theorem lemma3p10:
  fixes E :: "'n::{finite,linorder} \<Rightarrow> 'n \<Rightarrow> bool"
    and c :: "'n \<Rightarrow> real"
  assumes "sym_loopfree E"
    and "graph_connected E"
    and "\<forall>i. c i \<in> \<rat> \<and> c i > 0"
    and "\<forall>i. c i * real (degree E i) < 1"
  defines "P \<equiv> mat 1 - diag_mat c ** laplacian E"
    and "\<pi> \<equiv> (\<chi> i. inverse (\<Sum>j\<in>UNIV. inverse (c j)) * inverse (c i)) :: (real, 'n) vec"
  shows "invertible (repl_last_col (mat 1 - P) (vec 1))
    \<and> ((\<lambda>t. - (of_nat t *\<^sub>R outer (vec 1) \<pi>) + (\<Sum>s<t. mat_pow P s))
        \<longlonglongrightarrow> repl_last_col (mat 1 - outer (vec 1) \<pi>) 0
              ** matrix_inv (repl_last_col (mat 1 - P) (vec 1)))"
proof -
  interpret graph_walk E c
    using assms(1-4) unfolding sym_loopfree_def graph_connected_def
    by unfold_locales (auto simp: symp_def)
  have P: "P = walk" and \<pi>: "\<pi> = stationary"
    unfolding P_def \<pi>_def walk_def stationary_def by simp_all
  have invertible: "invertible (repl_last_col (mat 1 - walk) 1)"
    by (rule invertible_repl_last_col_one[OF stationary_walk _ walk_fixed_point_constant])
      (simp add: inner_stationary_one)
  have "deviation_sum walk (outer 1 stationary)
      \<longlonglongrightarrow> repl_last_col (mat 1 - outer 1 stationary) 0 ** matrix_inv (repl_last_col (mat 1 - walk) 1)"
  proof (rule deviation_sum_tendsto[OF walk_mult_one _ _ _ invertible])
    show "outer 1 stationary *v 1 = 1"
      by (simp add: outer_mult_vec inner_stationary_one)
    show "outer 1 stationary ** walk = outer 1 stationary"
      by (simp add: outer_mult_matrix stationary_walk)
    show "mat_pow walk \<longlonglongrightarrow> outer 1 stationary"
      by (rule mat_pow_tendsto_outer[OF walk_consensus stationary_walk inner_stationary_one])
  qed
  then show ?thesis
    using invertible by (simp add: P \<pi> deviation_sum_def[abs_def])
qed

* * *

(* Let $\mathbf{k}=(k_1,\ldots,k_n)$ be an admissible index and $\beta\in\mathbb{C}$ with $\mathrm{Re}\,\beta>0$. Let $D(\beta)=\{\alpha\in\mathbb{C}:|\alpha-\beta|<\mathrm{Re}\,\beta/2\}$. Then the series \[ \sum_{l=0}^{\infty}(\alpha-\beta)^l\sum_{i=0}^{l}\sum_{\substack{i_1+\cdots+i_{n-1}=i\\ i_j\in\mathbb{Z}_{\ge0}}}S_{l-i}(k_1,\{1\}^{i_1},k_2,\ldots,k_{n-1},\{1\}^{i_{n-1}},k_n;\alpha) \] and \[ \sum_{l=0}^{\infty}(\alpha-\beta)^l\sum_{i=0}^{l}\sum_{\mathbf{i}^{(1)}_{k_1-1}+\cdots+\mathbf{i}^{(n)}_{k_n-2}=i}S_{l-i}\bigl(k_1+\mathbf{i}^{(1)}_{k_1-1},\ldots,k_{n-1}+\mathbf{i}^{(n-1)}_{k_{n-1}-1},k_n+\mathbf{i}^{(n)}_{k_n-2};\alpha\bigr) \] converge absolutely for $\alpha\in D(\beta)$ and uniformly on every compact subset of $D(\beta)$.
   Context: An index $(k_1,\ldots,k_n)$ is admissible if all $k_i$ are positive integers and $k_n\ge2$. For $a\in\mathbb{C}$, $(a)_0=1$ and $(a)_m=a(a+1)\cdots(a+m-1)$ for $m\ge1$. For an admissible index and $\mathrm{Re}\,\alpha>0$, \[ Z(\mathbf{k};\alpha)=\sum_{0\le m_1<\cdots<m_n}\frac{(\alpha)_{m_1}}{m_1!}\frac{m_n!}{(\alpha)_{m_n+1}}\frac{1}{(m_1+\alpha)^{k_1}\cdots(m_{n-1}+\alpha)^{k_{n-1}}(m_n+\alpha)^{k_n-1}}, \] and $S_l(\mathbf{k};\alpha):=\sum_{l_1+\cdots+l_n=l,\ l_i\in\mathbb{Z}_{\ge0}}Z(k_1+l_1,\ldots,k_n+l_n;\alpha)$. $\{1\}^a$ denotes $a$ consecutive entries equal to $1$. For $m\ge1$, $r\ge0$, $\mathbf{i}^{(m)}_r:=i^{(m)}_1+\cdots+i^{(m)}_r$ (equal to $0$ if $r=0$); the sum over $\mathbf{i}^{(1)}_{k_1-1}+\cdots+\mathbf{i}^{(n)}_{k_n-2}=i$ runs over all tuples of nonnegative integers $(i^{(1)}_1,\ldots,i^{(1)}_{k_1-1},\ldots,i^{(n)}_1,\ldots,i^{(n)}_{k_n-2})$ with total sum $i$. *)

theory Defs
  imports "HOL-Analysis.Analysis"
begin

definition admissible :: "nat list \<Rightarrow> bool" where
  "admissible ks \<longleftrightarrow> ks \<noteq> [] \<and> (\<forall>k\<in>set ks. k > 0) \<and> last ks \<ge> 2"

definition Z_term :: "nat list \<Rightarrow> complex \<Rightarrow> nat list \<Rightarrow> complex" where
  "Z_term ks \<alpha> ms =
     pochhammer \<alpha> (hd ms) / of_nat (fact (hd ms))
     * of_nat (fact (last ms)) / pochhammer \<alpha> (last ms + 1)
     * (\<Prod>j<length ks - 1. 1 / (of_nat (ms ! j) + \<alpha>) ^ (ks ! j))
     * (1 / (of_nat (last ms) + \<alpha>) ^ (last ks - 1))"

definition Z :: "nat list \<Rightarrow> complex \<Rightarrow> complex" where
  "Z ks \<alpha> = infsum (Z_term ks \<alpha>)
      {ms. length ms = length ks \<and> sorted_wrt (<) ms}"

[Required action] Within the material above, show every line that includes "rule".

[Written solution]
    by (rule invertible_repl_last_col_one[OF stationary_walk _ walk_fixed_point_constant])
  proof (rule deviation_sum_tendsto[OF walk_mult_one _ _ _ invertible])
      by (rule mat_pow_tendsto_outer[OF walk_consensus stationary_walk inner_stationary_one])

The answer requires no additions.